Так вот однажды поехали мы на «жмур» аж вдесятером. Старшим был старшина Жевченко, по прозвищу Лысый. Он был интеллигентом, потому как когда-то заканчивал музыкальное училище, играл первого кларнета и носил очки. Взял он сослепу в библиотеке не тот чемоданчик с нотами, и, в результате, оказались мы на кладбище с нотами развлекательного концертного репертуара. И это бы еще было ничего, если бы в нашем «жопкином хоре» были бы старослужащие кроме меня, Фали и тубиста Кириллова. Те бы и наизусть слабали. А тогда, как на грех, поехали одни салабоны — без году неделя в оркестре. Ни одного траурного марша они наизусть не знали.
Встали мы напротив гроба, панихида началась. Кап-три из роты почетного караула на нас таращится — чего, мол, застыли? А Лысый, красный как рак, не знает, чего делать. Фаля ему шепчет:
— Олег Николаич, давайте хоть гимн сыграем'
Лысый отмахивается, лоб хмурит. Потом светлеет и хрипит:
— Открывайте, жопы, девятый номер! Ну, все открывают.

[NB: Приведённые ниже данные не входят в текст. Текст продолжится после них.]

(* For every $\ell\ge0$, the coefficients of $\hbar^s$, $s\le\ell$, in the asymptotic expansion $$\mathrm{Tr}(t,\hbar)\sim\sum_{m=0}^\infty\frac{(it)^m}{m!}\Big(\sum_{|r|\ge1}\hbar^{|r|-1}c_r(\hbar)\Big(\frac1tD_\theta\Big)^r\Big)^m\frac{e^{\frac{it}{2}\sum_j\theta_j}}{\prod_j(1-e^{it\theta_j})}\Bigg|_{\theta=u}$$ determine the coefficients of $\hbar^s$, $s\le\ell$, in the series $$V(t,\hbar)=\sum_{|r|\ge1}\hbar^{|r|-1}c_r(\hbar)\Big(\frac1tD_\theta\Big)^r\frac{e^{\frac{it}{2}\sum_j\theta_j}}{\prod_j(1-e^{it\theta_j})}\Bigg|_{\theta=u}.$$
   Context: Here $u=(u_1,\dots,u_n)$ has positive entries linearly independent over $\mathbb{Q}$, $D_\theta=-i(\partial_{\theta_1},\dots,\partial_{\theta_n})$, $r\in\mathbb{Z}_{\ge0}^n$, and $c_r(\hbar)=\sum_{i\ge0}c_{r,i}\hbar^{|r|-1+i}$ with $c_r(0)=0$ when $|r|=1$ (the coefficients of the semi-classical Birkhoff canonical form). *)

theory Defs
  imports "HOL-Complex_Analysis.Complex_Analysis"
begin

text \<open>Functions of theta are taken on C^n (theta :: nat => complex, only theta 0..n-1 used);
  the relevant function is holomorphic in each theta_j, so complex partial derivatives
  agree with the real ones at real points.\<close>

definition multi_idx :: "nat \<Rightarrow> (nat \<Rightarrow> nat) set" where
  "multi_idx n = {r. \<forall>j. n \<le> j \<longrightarrow> r j = 0}"

definition mabs :: "nat \<Rightarrow> (nat \<Rightarrow> nat) \<Rightarrow> nat" where
  "mabs n r = (\<Sum>j<n. r j)"

definition pdiff :: "nat \<Rightarrow> ((nat \<Rightarrow> complex) \<Rightarrow> complex) \<Rightarrow> (nat \<Rightarrow> complex) \<Rightarrow> complex" where
  "pdiff j g = (\<lambda>\<theta>. deriv (\<lambda>z. g (\<theta>(j := z))) (\<theta> j))"

fun Dmulti :: "nat \<Rightarrow> (nat \<Rightarrow> nat) \<Rightarrow> ((nat \<Rightarrow> complex) \<Rightarrow> complex) \<Rightarrow> (nat \<Rightarrow> complex) \<Rightarrow> complex" where
  "Dmulti 0 r g = g"
| "Dmulti (Suc k) r g = ((\<lambda>h \<theta>. - \<i> * pdiff k h \<theta>) ^^ r k) (Dmulti k r g)"

definition Fth :: "nat \<Rightarrow> real \<Rightarrow> (nat \<Rightarrow> complex) \<Rightarrow> complex" where
  "Fth n t \<theta> = exp (\<i> * of_real t / 2 * (\<Sum>j<n. \<theta> j)) / (\<Prod>j<n. (1 - exp (\<i> * of_real t * \<theta> j)))"

text \<open>hbar-weight of the term c_{r,i} hbar^{|r|-1+|r|-1+i}\<close>
definition wt :: "nat \<Rightarrow> (nat \<Rightarrow> nat) \<Rightarrow> nat \<Rightarrow> nat" where
  "wt n r i = 2 * mabs n r - 2 + i"

definition terms :: "nat \<Rightarrow> nat \<Rightarrow> ((nat \<Rightarrow> nat) \<times> nat) set" where
  "terms n s = {(r, i). r \<in> multi_idx n \<and> 1 \<le> mabs n r \<and> wt n r i \<le> s}"

text \<open>Pw n u c t m s theta: coefficient of hbar^s in L^m F, where
  L = sum_{|r|>=1} hbar^{|r|-1} c_r(hbar) (1/t D_theta)^r,
  c_r(hbar) = sum_i c r i hbar^{|r|-1+i}.\<close>
primrec Pw :: "nat \<Rightarrow> ((nat \<Rightarrow> nat) \<Rightarrow> nat \<Rightarrow> real) \<Rightarrow> real \<Rightarrow> nat \<Rightarrow> nat
    \<Rightarrow> (nat \<Rightarrow> complex) \<Rightarrow> complex" where
  "Pw n c t 0 s = (if s = 0 then Fth n t else (\<lambda>_. 0))"
| "Pw n c t (Suc m) s = (\<lambda>\<theta>. \<Sum>(r, i)\<in>terms n s.
      of_real (c r i) * (1 / of_real t) ^ mabs n r * Dmulti n r (Pw n c t m (s - wt n r i)) \<theta>)"

text \<open>coefficient of hbar^s in the expansion of Tr(t,hbar); since L = O(hbar)
  (under the hypothesis c_r(0)=0 for |r|=1), only m <= s contribute.\<close>
definition TrCoef :: "nat \<Rightarrow> (nat \<Rightarrow> real) \<Rightarrow> ((nat \<Rightarrow> nat) \<Rightarrow> nat \<Rightarrow> real) \<Rightarrow> nat \<Rightarrow> real \<Rightarrow> complex" where
  "TrCoef n u c s t = (\<Sum>m\<le>s. (\<i> * of_real t) ^ m / of_nat (fact m) * Pw n c t m s (\<lambda>j. of_real (u j)))"

definition VCoef :: "nat \<Rightarrow> (nat \<Rightarrow> real) \<Rightarrow> ((nat \<Rightarrow> nat) \<Rightarrow> nat \<Rightarrow> real) \<Rightarrow> nat \<Rightarrow> real \<Rightarrow> complex" where
  "VCoef n u c s t = Pw n c t 1 s (\<lambda>j. of_real (u j))"

definition BNF_coeffs :: "nat \<Rightarrow> ((nat \<Rightarrow> nat) \<Rightarrow> nat \<Rightarrow> real) \<Rightarrow> bool" where
  "BNF_coeffs n c \<longleftrightarrow> (\<forall>r. r \<in> multi_idx n \<and> mabs n r = 1 \<longrightarrow> c r 0 = 0)"

definition tdom :: "nat \<Rightarrow> (nat \<Rightarrow> real) \<Rightarrow> real set" where
  "tdom n u = {t. \<forall>j<n. exp (\<i> * of_real t * of_real (u j)) \<noteq> 1}"

end

theory Submission
  imports Defs
begin

(* Write L = sum_r hbar^(|r|-1) c_r(hbar) (D_theta / t)^r and F for the function of theta
   acted on.  Since c_r(0) = 0 for |r| = 1, every term of L has positive hbar-weight, so the
   hbar^s coefficient of L^m F with m >= 2 only involves coefficients c_(r,i) of weight below s;
   once those agree, the hbar^s coefficients of Tr determine that of V = L F.  The latter is
   sum c_(r,i) (-i)^|r| prod_j G^(r_j)(t u_j) over the terms of weight exactly s, where
   G(z) = e^(iz/2) / (1 - e^(iz)).  These functions of t are linearly independent: G is
   4 pi-periodic and, by Kronecker's theorem, the line t u is dense in R^n / 4 pi Z^n, which
   reduces the claim to the independence of the products prod_j G^(r_j)(y_j) on (0, 2 pi)^n;
   in one variable this follows from the distinct pole orders of the G^(m) at 0.  Induction on
   s then shows that all coefficients of weight at most l agree. *)

section \<open>Weights of the terms of \<open>L\<^sup>m F\<close>\<close>

abbreviation D_coord :: "nat \<Rightarrow> ((nat \<Rightarrow> complex) \<Rightarrow> complex) \<Rightarrow> (nat \<Rightarrow> complex) \<Rightarrow> complex" where
  "D_coord k \<equiv> \<lambda>h \<theta>. - \<i> * pdiff k h \<theta>"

А там — черным по белому: «Танго „Кумпарсита”». Лысый шипит:
— Темп — сорок, смотри на меня!
И начинаем мы тянуть танго «Кумпарсита» в темпе, раз в семьдесят ниже положенного. Слышим: и вправду печально получается, чем не траурный марш. Только вот какой-то явный диссонанс в басах... Оказывается, Кириллов наш по рефлексу сработал: похороны, кладбище, сказано — девятый номер... Ну и ревет он наизусть марш Шопена, поперек всяческим законам гармонии... Родственники покойного (все сплошь не ниже капитанов второго ранга) явно начинают волноваться. Лысый белеет. Два воспитона-трубача пугаются и пытаются подобрать Шопена на слух, остальные тянут «Кумпарситу», как кота за яйца... Фалишкин самозабвенно лупит в тарелки вообще мимо какого-нибудь ритма. Караул почетный просто расползается на глазах от еле сдерживаемого хохота. Душераздирающе, в общем, получилось. Еле ноги унесли.
* * *
А еще как-то раз поехали мы на «халтурку» — хоронить директора птицефабрики. Ну тут, понятное дело, поехали одни солисты — «башляют» ведь! Было нас человек пятнадцать, все как один преисполнены ответственности, поэтому приехали чуть ли не на час раньше.
Вышли из автобуса покурить-размяться, пока птичники не подъехали. И тут один сундук говорит: пошли, мол, я вам одну крутую могилу покажу! Позавчера там цыганского барона хоронили, а сегодня уже памятник из черного мрамора взгромоздили. Ну мы и потащились. Зашли куда-то на другой конец кладбища. Полюбовались на статую цыганского вождя — действительно произведение искусства, со вкусом сделано, профессионально... Возвращаемся — автобуса нет. И ладно бы только инструменты-то в нем остались. А процессия скорбящих птичников тут как тут — въезжает в ворота...
Трубач Чижик говорит:
— Что у нас собой?
— Вот, — говорит флейтист Паша и достает из внутреннего кармана шинели флейту-пикколо размером с небольшую сигару.
— Убери, — цедит Чижик и поворачивается к подошедшему распорядителю. — Здрасьте!
— Здрасьте, — говорит распорядитель-птичник и подозрительно на нас смотрит. — Э... Никаких накладок?
— Никаких, — мотает головой Чижик. — Нет... Никаких.
Затылок его понемногу зеленеет, и на помощь приходит опытный сверхсрочник Леха Штырев.
Леха обладал двумя неоспоримыми достоинствами: во-первых — мягким бархатным баритоном, а во-вторых — необъятных размеров носом. Завораживая собеседников либо первым, либо (что чаще) вторым, он, как удав от кролика, всегда добивался всего, чего нужно.
Тем временем гроб с директором уже встает на козлы возле свежевырытой могилы.